# Proxy Server setting via Group Policy



## wishyboy (Jul 26, 2007)

Hi all

We have just installed Websense Software for Internet Filtering. We now want to point all our 250+ PCs to the Proxy Server. Rather than doing this individually on each PC, I understand this can be done via Group Policy (GP). I have identified that in the UserConfig, under Windows Settings\Internet Explorer Maintenance\connection you can select Proxy Settings. Here I enable Proxy, set the Proxy IP and to use the same proxy for all addresses.
On saving and assigning the GPO to the workstation, it fails to apply the settings.

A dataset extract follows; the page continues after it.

(* Let $\Delta=(\mathcal{D},\delta)$ be a program over a clocked basic action theory $\mathcal{D}$, let $K\in\mathbb{N}$ be at least as large as every natural-number constant mentioned in $\mathcal{D}$, and let $\mathcal{T}_\Delta$ be the transition system constructed by Algorithm 2 (described in the context) on input $(\mathcal{D},\delta,K)$. Then $\mathcal{T}_\Delta$ has finitely many states.
   Context: Situation calculus setting: sorts action, situation, object and time (the real numbers); $S_0$ initial situation; $\mathit{do}(a,s)$ the successor situation; $\phi[\sigma]$ is the situation-suppressed formula $\phi$ with situation argument $\sigma$ restored. Fluents are relation or function symbols with last argument a situation and other arguments objects; finitely many fluents, a finite set $\mathcal{A}$ of action types ($A$ has $|A|$ object arguments), finite set $\mathcal{O}$ of object constants (unique names, domain closure). A formula is uniform in $s$ if it mentions no situation term other than $s$ and does not mention $\mathit{Poss}$. A BAT is $\mathcal{D} = \mathcal{D}_0 \cup \mathcal{D}_{poss} \cup \mathcal{D}_{ssa} \cup \mathcal{D}_{ca} \cup \mathcal{D}_{co} \cup \Sigma$ (initial description uniform in $S_0$ with complete information, precondition axioms, successor state axioms, domain closure and unique name axioms for actions and objects, foundational axioms). Clock comparison: $f(\vec x,s)\bowtie v$ or $v\bowtie v'$ ($f$ functional fluent, $v,v'\in\mathbb{N}$, $\bowtie\in\{<,\leq,=,\geq,>\}$). Clocked formula: every atomic subformula mentioning a time term is a clock comparison; time-independent: no time term. A BAT is clocked if there is a distinguished action type $\mathit{wait}(t)$ (others have no time argument) and: functional fluents take time values and are $0$ at $S_0$; each functional fluent has successor state axiom $f(\vec o,\mathit{do}(a,s))=y \equiv \exists t\,(a=\mathit{wait}(t)\wedge y=f(\vec o,s)+t) \vee (\neg\exists t\, a=\mathit{wait}(t)) \wedge (\phi_f(\vec o,a,s)\wedge y=0 \vee \neg\phi_f(\vec o,a,s)\wedge y=f(\vec o,s))$ with $\phi_f$ time-independent, uniform in $s$; relational successor state axioms and precondition axioms have clocked right-hand sides uniform in $s$; $\mathit{Poss}(\mathit{wait}(t),s)\equiv\top$. $\mathcal{C}$ is the set of ground situation-suppressed clock (functional fluent) terms; $\nu_\sigma(\omega)=\tau$ iff $\mathcal{D}\models\omega[\sigma]=\tau$; $\nu+\tau$ adds $\tau$ to every value. For $u,v\geq0$: $u\sim_K v$ iff both $>K$, or both $\leq K$ with equal floors and equal ceilings; $\mathrm{fract}(v)=v-\lfloor v\rfloor$ if $v\leq K$, else $0$. $\nu\cong_K\nu'$ iff $\nu(\omega)\sim_K\nu'(\omega)$ for all $\omega$ and $\mathrm{fract}(\nu(\omega))\leq\mathrm{fract}(\nu(\omega'))$ iff $\mathrm{fract}(\nu'(\omega))\leq\mathrm{fract}(\nu'(\omega'))$ for all $\omega,\omega'$. $\sigma_1\approx_{\mathcal{D}K}\sigma_2$ iff they entail the same ground relational fluent atoms and $\nu_{\sigma_1}\cong_K\nu_{\sigma_2}$; $[\sigma]_{\approx_{\mathcal{D}K}}$ is the class of $\sigma$. $\mathrm{TSuccs}(\nu,K)$ is a computable finite set of nonnegative reals such that for every $\tau\geq0$ there is $\tau'\in\mathrm{TSuccs}(\nu,K)$ with $\nu+\tau\cong_K\nu+\tau'$. Golog: program expressions $\delta ::= \alpha \mid \phi? \mid \delta;\delta \mid \delta|\delta \mid \pi x.\,\delta \mid \delta^* \mid \delta\|\delta$, where action terms are time-suppressed (the program contains $\mathit{wait}()$ without argument), tests test situation-suppressed clocked formulas, and $\pi x$ chooses an object. $\mathit{nil}:=\mathrm{True}?$. A program is $\Delta=(\mathcal{D},\delta)$. Transition semantics: $\mathrm{Trans}(A(\vec\rho),s,a,\delta',s')\equiv a=A(\vec\rho)\wedge\mathit{Poss}(a,s)\wedge\delta'=\mathit{nil}\wedge s'=\mathit{do}(a,s)$ for $A\neq\mathit{wait}$; $\mathrm{Trans}(\mathit{wait}(),s,a,\delta',s')\equiv\exists t.\,a=\mathit{wait}(t)\wedge\delta'=\mathit{nil}\wedge s'=\mathit{do}(a,s)$; $\mathrm{Trans}(\phi?,\dots)\equiv\mathrm{False}$; $\mathrm{Trans}(\delta_1;\delta_2,s,a,\delta',s')\equiv\exists\gamma(\delta'=(\gamma;\delta_2)\wedge\mathrm{Trans}(\delta_1,s,a,\gamma,s'))\vee\mathrm{Final}(\delta_1,s)\wedge\mathrm{Trans}(\delta_2,s,a,\delta',s')$; $\mathrm{Trans}(\delta_1|\delta_2,\dots)\equiv\mathrm{Trans}(\delta_1,\dots)\vee\mathrm{Trans}(\delta_2,\dots)$; $\mathrm{Trans}(\pi x.\delta,s,a,\delta',s')\equiv\exists v.\,\mathrm{Trans}(\delta^x_v,s,a,\delta',s')$; $\mathrm{Trans}(\delta^*,s,a,\delta',s')\equiv\exists\gamma(\delta'=(\gamma;\delta^* )\wedge\mathrm{Trans}(\delta,s,a,\gamma,s'))$; $\mathrm{Trans}(\delta_1\|\delta_2,s,a,\delta',s')\equiv\exists\gamma(\delta'=(\gamma\|\delta_2)\wedge\mathrm{Trans}(\delta_1,s,a,\gamma,s'))\vee\exists\gamma(\delta'=(\delta_1\|\gamma)\wedge\mathrm{Trans}(\delta_2,s,a,\gamma,s'))$. $\mathrm{Final}(\alpha,s)\equiv\mathrm{False}$; $\mathrm{Final}(\phi?,s)\equiv\phi[s]$; $\mathrm{Final}(\delta_1;\delta_2,s)\equiv\mathrm{Final}(\delta_1,s)\wedge\mathrm{Final}(\delta_2,s)$; $\mathrm{Final}(\delta_1|\delta_2,s)\equiv\mathrm{Final}(\delta_1,s)\vee\mathrm{Final}(\delta_2,s)$; $\mathrm{Final}(\pi x.\delta,s)\equiv\exists v.\,\mathrm{Final}(\delta^x_v,s)$; $\mathrm{Final}(\delta^*,s)\equiv\mathrm{True}$; $\mathrm{Final}(\delta_1\|\delta_2,s)\equiv\mathrm{Final}(\delta_1,s)\wedge\mathrm{Final}(\delta_2,s)$. Algorithm 2 (input $\mathcal{D},\delta_0,K$): set $\mathit{Open}:=\{(S_0,\delta_0)\}$, $V:=\emptyset$, $E:=\emptyset$. While $\mathit{Open}\neq\emptyset$: remove some $(\sigma,\delta)$ from $\mathit{Open}$; let $\mathit{Acts}:=\{A(\vec\rho)\mid A\in\mathcal{A}\setminus\{\mathit{wait}\},\vec\rho\in\mathcal{O}^{|A|}\}\cup\{\mathit{wait}(\tau)\mid\tau\in\mathrm{TSuccs}(\nu_\sigma,K)\}$; for each $\alpha\in\mathit{Acts}$ and each $(\delta',\sigma')$ with $\mathcal{D}\models\mathrm{Trans}(\delta,\sigma,\alpha,\delta',\sigma')$: if $([\sigma']_{\approx_{\mathcal{D}K}},\delta')\notin V$, add it to $V$ and add $(\sigma',\delta')$ to $\mathit{Open}$; add the edge $(([\sigma]_{\approx_{\mathcal{D}K}},\delta),([\sigma']_{\approx_{\mathcal{D}K}},\delta'))$ to $E$. Return $(V,([S_0]_{\approx_{\mathcal{D}K}},\delta_0),E)$; its states are the elements of $V$ together with the initial state. *)

theory Defs
  imports Main "HOL.Real"
begin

However, if you manually set the options under the Tools\Connections Tab within IE6 it works fine.

We are running Server 2003 with XP Workstaions (Sp2) with IE6. All fully patched.

Anyone got any ideas!!!!!

Dave:


----------



## BigDaddy13 (Sep 5, 2007)

You can make that change in your default domain policy
under the user configuration. 
It should work withou applying it to workstations.
Since you are making the change apply to users....no workstations
are needed to be specified.


----------



## wishyboy (Jul 26, 2007)

Hi BigDaddy13

Thanks for the reply. I have tried this and all works great. Saved me loads of time and work.

I was trying to set it at the Workstation OU but for some reason, this never worked, even though I was making the same settings.

Anyway, jobs a good'n.

Thanks for your assistance


----------



## Dubl D (Aug 14, 2008)

Does anybody have an idea how to set the same GPO for Firefox?


----------